Extracted records

BEGIN

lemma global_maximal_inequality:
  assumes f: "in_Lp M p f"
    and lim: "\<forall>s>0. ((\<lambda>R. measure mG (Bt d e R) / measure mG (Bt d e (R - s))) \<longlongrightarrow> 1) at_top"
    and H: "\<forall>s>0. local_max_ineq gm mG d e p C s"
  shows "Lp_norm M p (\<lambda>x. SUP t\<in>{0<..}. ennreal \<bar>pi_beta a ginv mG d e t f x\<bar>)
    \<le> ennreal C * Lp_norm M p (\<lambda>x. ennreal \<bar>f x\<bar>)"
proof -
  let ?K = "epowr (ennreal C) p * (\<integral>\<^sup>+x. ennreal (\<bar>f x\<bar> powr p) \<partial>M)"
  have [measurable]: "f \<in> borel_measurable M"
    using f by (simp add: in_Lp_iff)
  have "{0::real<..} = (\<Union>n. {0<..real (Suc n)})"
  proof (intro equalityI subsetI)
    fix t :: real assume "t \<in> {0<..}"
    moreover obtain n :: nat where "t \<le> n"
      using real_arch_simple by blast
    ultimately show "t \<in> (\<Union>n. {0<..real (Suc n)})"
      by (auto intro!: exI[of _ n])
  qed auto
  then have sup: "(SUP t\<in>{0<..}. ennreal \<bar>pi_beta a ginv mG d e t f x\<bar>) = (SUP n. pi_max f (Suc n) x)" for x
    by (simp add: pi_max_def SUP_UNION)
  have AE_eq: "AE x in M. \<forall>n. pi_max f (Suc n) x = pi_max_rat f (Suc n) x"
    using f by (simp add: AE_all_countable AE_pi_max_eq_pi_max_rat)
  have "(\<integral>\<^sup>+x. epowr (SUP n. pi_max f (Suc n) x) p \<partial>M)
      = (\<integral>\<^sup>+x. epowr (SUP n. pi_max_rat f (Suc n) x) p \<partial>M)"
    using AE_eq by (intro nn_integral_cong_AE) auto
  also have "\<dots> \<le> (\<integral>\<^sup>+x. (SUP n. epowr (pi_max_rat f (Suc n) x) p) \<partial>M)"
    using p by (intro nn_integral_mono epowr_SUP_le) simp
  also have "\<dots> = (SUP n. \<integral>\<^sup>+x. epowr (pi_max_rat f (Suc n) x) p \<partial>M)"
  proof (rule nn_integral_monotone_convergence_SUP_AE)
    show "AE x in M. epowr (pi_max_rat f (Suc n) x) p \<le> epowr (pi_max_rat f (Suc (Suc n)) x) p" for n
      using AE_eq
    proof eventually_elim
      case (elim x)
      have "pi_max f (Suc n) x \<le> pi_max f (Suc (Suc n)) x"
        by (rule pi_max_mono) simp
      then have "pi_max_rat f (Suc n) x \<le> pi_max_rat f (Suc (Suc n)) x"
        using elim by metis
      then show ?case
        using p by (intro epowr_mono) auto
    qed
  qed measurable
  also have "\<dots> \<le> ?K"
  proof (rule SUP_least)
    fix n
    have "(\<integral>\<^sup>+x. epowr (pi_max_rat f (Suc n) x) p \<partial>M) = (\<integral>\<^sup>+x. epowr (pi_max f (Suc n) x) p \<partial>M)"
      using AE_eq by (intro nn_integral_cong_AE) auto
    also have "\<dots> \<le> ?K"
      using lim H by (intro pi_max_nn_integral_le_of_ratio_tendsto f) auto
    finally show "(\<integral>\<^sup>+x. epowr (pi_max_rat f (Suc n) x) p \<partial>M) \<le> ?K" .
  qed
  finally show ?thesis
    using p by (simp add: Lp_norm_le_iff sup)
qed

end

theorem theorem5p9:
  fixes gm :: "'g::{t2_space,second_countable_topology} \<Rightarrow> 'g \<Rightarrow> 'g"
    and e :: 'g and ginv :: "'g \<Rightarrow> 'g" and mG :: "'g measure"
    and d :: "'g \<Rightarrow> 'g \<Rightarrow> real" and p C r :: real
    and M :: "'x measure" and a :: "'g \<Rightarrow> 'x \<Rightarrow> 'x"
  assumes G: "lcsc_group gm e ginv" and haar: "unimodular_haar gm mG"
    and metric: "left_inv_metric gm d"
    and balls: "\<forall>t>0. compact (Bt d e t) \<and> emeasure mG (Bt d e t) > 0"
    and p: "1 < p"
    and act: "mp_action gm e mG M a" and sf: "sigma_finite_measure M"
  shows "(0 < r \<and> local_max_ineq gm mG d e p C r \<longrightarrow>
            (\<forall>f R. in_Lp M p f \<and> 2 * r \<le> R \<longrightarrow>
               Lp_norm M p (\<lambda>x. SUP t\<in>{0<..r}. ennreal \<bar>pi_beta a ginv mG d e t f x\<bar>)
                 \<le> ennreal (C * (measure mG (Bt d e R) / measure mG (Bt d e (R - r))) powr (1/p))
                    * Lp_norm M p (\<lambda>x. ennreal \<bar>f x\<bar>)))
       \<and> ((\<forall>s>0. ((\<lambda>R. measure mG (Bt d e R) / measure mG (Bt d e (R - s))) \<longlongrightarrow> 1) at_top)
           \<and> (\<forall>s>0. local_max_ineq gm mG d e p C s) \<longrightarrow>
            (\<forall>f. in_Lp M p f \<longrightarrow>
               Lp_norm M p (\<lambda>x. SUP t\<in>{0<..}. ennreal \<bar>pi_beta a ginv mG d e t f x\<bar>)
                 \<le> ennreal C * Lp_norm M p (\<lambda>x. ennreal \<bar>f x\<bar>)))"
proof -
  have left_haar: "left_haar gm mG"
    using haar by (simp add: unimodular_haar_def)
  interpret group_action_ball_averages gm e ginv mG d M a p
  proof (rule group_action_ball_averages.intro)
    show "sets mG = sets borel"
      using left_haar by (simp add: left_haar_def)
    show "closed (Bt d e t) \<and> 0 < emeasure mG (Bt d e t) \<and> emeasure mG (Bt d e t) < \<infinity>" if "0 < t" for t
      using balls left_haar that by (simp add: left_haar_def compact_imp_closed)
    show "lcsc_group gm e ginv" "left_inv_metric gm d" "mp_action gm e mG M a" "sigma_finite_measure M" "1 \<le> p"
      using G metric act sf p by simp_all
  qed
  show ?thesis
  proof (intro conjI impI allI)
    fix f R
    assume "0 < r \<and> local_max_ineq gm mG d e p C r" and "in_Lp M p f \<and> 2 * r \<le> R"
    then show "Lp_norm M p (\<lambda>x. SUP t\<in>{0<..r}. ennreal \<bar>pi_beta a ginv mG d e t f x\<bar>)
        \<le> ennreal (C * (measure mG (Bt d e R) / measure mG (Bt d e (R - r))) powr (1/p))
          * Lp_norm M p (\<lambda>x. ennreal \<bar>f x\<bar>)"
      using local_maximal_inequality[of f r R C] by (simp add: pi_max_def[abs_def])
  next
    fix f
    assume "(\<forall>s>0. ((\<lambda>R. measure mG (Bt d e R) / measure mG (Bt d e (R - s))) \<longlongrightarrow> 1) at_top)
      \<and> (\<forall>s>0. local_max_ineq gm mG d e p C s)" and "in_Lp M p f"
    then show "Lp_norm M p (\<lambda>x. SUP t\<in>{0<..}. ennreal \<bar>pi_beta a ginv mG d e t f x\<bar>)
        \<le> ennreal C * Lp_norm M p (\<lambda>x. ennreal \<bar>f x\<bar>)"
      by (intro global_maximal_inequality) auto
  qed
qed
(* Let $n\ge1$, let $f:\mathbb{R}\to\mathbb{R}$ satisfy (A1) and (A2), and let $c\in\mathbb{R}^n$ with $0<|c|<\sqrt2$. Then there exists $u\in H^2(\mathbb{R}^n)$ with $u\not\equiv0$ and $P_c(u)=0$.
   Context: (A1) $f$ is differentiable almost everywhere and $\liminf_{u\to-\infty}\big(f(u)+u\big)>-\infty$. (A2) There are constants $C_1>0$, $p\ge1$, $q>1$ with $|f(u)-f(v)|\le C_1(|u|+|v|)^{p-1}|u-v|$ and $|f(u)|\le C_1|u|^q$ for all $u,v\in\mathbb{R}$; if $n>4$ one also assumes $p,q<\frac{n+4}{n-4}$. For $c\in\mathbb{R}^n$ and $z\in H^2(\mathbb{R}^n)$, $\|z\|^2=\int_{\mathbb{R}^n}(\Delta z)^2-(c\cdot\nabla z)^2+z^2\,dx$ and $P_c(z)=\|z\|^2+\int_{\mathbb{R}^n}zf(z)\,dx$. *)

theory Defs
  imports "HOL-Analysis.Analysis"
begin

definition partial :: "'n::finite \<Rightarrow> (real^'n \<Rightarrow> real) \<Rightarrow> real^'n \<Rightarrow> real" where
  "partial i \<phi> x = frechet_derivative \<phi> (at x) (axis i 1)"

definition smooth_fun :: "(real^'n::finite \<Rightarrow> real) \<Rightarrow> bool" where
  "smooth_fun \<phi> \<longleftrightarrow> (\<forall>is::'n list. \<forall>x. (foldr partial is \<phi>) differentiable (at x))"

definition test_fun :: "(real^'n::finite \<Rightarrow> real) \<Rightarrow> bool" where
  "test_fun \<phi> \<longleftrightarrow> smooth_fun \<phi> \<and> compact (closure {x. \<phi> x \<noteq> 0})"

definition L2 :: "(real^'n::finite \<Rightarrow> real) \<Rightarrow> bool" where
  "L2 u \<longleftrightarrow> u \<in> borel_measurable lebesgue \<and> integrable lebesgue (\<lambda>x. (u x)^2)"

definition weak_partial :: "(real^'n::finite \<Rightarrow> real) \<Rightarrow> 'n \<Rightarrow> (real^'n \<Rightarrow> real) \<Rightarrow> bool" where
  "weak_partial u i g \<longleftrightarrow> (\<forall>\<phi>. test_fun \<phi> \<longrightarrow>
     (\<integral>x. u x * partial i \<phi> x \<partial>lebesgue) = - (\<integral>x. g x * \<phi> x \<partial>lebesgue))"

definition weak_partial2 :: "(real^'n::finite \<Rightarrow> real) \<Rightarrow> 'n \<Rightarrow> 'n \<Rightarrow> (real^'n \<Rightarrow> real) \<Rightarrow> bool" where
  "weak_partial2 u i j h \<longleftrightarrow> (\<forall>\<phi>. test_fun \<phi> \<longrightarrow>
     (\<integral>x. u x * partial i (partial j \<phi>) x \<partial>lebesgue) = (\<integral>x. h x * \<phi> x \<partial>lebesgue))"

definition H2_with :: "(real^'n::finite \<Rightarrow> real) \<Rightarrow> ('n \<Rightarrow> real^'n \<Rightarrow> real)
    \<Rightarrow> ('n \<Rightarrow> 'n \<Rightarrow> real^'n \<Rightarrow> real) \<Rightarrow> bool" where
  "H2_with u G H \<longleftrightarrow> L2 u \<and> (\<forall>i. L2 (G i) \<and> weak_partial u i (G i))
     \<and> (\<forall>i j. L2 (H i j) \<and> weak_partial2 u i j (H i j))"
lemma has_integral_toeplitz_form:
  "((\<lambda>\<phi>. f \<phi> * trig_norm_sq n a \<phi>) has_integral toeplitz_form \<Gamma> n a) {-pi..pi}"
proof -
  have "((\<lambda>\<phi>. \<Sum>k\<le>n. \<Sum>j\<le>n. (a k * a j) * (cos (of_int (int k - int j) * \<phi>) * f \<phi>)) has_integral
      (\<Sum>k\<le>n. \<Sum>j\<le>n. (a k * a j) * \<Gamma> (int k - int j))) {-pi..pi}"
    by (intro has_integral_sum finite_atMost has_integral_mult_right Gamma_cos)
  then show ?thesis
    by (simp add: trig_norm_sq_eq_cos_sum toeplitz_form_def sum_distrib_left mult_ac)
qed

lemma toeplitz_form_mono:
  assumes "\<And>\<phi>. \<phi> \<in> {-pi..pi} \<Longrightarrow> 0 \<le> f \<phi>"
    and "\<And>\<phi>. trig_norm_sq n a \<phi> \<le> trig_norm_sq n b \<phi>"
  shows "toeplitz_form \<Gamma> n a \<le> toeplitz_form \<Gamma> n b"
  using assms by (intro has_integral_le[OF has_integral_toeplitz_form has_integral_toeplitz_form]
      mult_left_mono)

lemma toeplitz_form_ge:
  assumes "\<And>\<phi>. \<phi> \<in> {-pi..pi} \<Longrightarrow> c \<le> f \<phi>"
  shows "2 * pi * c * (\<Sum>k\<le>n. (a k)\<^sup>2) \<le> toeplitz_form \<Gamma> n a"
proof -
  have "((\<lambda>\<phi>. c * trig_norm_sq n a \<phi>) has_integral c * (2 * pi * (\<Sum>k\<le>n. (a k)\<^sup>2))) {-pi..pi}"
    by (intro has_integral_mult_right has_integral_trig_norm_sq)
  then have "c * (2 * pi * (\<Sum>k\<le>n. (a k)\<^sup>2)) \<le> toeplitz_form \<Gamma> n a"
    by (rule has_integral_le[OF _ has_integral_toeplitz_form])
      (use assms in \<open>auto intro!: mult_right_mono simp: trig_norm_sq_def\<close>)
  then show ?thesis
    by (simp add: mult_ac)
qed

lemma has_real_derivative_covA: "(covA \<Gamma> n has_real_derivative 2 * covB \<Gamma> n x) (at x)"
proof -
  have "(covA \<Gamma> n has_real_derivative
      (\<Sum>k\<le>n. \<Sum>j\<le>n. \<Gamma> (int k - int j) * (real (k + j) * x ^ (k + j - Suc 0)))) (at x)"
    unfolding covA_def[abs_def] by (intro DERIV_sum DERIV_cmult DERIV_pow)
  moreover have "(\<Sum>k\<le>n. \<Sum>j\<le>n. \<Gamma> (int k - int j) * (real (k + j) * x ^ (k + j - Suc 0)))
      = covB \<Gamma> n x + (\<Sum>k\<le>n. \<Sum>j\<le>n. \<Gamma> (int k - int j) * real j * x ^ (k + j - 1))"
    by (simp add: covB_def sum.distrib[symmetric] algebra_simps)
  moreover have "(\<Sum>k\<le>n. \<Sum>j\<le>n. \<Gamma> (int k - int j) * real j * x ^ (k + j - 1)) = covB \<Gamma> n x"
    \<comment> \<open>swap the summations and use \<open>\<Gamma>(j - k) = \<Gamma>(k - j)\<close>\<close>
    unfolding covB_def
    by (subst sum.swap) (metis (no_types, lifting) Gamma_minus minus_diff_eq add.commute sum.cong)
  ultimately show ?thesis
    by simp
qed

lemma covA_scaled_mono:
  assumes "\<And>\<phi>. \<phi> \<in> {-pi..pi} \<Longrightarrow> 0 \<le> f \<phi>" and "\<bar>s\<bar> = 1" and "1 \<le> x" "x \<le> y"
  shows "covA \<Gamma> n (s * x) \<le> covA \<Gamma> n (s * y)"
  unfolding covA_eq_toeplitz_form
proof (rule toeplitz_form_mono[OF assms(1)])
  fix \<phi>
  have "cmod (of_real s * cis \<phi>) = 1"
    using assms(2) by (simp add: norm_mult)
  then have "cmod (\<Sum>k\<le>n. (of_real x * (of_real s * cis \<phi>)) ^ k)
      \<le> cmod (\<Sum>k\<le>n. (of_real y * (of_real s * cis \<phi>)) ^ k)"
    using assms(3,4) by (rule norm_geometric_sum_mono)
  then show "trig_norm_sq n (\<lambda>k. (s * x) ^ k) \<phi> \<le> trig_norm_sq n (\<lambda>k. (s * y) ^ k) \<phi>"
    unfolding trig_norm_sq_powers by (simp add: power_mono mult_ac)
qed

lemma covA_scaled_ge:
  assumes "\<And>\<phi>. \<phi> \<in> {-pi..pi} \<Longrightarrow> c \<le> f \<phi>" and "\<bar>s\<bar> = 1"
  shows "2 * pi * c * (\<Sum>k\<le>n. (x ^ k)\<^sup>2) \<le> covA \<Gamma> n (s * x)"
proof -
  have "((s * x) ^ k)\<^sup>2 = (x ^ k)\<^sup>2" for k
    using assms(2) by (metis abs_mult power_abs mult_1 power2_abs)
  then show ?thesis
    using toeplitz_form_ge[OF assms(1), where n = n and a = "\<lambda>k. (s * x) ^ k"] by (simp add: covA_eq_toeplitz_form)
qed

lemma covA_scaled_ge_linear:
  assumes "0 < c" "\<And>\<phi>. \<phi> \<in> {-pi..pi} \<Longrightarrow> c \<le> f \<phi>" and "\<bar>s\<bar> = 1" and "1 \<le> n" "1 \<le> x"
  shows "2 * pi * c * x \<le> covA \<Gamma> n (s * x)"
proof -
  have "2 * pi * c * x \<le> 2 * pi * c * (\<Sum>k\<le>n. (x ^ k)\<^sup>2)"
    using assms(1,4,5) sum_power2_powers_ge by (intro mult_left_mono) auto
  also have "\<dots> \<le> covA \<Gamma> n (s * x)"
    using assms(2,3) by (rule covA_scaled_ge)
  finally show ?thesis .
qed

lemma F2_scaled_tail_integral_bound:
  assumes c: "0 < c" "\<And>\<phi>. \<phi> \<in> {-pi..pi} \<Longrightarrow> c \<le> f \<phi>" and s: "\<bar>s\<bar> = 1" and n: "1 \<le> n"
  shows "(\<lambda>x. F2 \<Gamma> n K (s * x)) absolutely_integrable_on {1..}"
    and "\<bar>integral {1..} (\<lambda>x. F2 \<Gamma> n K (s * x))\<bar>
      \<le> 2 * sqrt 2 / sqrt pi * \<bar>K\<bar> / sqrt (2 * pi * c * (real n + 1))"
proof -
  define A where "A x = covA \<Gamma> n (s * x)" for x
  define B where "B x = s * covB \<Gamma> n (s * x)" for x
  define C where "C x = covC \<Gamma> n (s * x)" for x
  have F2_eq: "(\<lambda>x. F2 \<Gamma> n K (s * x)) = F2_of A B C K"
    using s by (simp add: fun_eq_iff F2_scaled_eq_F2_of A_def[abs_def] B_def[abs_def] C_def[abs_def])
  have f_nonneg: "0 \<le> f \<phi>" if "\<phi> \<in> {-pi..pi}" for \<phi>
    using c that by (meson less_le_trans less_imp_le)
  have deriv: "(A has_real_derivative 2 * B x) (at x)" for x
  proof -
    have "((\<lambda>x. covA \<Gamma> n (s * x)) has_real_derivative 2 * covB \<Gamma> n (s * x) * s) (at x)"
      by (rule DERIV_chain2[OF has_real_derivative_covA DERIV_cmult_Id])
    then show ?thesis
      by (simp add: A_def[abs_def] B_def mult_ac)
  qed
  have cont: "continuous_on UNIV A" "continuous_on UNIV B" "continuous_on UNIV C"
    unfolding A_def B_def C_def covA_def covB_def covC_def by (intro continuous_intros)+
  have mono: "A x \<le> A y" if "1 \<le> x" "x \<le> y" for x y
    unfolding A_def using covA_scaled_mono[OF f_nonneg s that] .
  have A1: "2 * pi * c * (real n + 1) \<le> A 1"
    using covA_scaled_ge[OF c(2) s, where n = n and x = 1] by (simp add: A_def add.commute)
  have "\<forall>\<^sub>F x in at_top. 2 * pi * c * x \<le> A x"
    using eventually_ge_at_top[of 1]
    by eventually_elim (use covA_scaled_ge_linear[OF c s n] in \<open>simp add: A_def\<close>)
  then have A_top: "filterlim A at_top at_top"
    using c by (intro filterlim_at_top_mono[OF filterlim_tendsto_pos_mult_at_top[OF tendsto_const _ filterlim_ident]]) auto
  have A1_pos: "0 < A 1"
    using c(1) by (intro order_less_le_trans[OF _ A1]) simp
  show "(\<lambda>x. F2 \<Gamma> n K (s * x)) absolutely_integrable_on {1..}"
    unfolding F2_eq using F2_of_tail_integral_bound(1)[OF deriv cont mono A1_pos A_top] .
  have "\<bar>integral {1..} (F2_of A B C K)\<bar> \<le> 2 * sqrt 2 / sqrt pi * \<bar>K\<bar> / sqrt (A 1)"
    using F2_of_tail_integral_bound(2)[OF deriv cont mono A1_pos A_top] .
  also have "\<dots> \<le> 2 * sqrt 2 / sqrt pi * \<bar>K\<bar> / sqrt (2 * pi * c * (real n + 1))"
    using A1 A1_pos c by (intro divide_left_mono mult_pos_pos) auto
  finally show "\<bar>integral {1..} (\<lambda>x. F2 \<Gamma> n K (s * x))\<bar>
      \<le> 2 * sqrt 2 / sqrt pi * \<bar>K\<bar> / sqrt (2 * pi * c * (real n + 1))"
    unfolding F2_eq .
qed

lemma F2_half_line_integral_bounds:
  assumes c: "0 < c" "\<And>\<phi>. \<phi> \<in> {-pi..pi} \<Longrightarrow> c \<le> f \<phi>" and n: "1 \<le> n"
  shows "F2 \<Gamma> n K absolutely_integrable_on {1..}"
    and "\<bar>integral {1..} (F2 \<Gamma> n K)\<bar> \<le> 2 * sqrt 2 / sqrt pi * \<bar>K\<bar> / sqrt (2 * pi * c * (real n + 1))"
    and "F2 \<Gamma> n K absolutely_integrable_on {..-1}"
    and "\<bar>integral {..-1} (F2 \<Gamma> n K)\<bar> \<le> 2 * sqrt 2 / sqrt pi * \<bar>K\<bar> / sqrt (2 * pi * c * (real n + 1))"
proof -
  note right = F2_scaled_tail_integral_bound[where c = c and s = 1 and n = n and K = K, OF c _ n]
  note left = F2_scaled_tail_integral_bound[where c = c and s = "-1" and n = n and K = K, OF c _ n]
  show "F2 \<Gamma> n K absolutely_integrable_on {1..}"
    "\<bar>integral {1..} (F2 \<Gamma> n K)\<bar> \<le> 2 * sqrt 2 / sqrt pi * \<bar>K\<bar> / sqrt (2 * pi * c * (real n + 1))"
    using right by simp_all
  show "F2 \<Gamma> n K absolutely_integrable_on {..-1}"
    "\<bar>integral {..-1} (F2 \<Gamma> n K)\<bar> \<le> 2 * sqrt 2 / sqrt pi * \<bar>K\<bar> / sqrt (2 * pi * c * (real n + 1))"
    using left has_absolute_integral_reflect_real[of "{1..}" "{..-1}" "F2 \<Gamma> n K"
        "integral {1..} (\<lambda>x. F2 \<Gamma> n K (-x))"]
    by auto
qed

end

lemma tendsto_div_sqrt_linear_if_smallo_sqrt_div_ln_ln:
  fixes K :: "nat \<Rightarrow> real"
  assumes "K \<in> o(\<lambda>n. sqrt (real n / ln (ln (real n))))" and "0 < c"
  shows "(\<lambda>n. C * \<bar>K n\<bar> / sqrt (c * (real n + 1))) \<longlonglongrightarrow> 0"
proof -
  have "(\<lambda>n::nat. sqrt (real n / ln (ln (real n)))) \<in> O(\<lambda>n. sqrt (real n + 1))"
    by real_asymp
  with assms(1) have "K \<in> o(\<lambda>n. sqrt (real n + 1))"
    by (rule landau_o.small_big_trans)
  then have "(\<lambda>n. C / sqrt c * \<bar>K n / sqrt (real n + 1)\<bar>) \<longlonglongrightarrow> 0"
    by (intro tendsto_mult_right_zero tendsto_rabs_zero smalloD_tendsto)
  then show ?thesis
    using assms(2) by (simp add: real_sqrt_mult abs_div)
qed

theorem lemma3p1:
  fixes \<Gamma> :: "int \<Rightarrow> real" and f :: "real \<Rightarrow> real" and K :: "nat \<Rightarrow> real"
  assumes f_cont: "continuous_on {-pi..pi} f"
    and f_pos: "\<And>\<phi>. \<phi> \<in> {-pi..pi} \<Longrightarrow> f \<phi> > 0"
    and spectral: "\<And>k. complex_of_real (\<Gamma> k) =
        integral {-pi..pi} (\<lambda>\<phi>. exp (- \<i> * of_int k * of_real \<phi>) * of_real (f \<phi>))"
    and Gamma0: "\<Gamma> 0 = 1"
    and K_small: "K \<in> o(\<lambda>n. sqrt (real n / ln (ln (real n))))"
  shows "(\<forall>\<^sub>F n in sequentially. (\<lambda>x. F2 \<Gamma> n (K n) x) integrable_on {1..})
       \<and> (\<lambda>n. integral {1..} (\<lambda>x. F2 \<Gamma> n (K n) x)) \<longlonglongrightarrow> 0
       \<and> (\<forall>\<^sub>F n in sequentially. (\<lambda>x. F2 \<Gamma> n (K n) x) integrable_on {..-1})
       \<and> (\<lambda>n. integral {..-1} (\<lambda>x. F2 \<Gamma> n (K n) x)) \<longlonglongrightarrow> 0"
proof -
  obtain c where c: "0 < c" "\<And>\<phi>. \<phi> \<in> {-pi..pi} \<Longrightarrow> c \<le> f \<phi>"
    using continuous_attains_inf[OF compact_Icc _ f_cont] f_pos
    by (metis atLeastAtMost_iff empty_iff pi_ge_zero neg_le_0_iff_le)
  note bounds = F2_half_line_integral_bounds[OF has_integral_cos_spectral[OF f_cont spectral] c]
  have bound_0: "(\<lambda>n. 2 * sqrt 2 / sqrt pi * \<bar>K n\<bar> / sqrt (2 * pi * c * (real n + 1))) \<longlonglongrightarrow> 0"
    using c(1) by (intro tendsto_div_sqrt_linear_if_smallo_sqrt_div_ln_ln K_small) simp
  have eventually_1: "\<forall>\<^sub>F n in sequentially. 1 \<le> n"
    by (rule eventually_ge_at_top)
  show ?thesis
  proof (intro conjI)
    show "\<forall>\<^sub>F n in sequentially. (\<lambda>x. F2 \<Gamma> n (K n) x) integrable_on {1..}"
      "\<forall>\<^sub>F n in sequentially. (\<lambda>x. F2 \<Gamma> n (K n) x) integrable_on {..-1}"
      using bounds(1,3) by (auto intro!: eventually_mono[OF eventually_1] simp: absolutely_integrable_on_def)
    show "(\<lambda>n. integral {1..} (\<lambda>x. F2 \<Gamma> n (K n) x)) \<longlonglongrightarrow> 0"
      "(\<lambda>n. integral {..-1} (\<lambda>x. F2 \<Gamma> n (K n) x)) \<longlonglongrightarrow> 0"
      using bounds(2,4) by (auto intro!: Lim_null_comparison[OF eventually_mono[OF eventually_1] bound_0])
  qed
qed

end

END

◆ **TO DO**: Lines in the data that include the word "fixes" should all be copied.

◆ **OUTPUT BELOW**:
  fixes gm :: "'g::{t2_space,second_countable_topology} \<Rightarrow> 'g \<Rightarrow> 'g"
  fixes K :: "nat \<Rightarrow> real"
  fixes \<Gamma> :: "int \<Rightarrow> real" and f :: "real \<Rightarrow> real" and K :: "nat \<Rightarrow> real"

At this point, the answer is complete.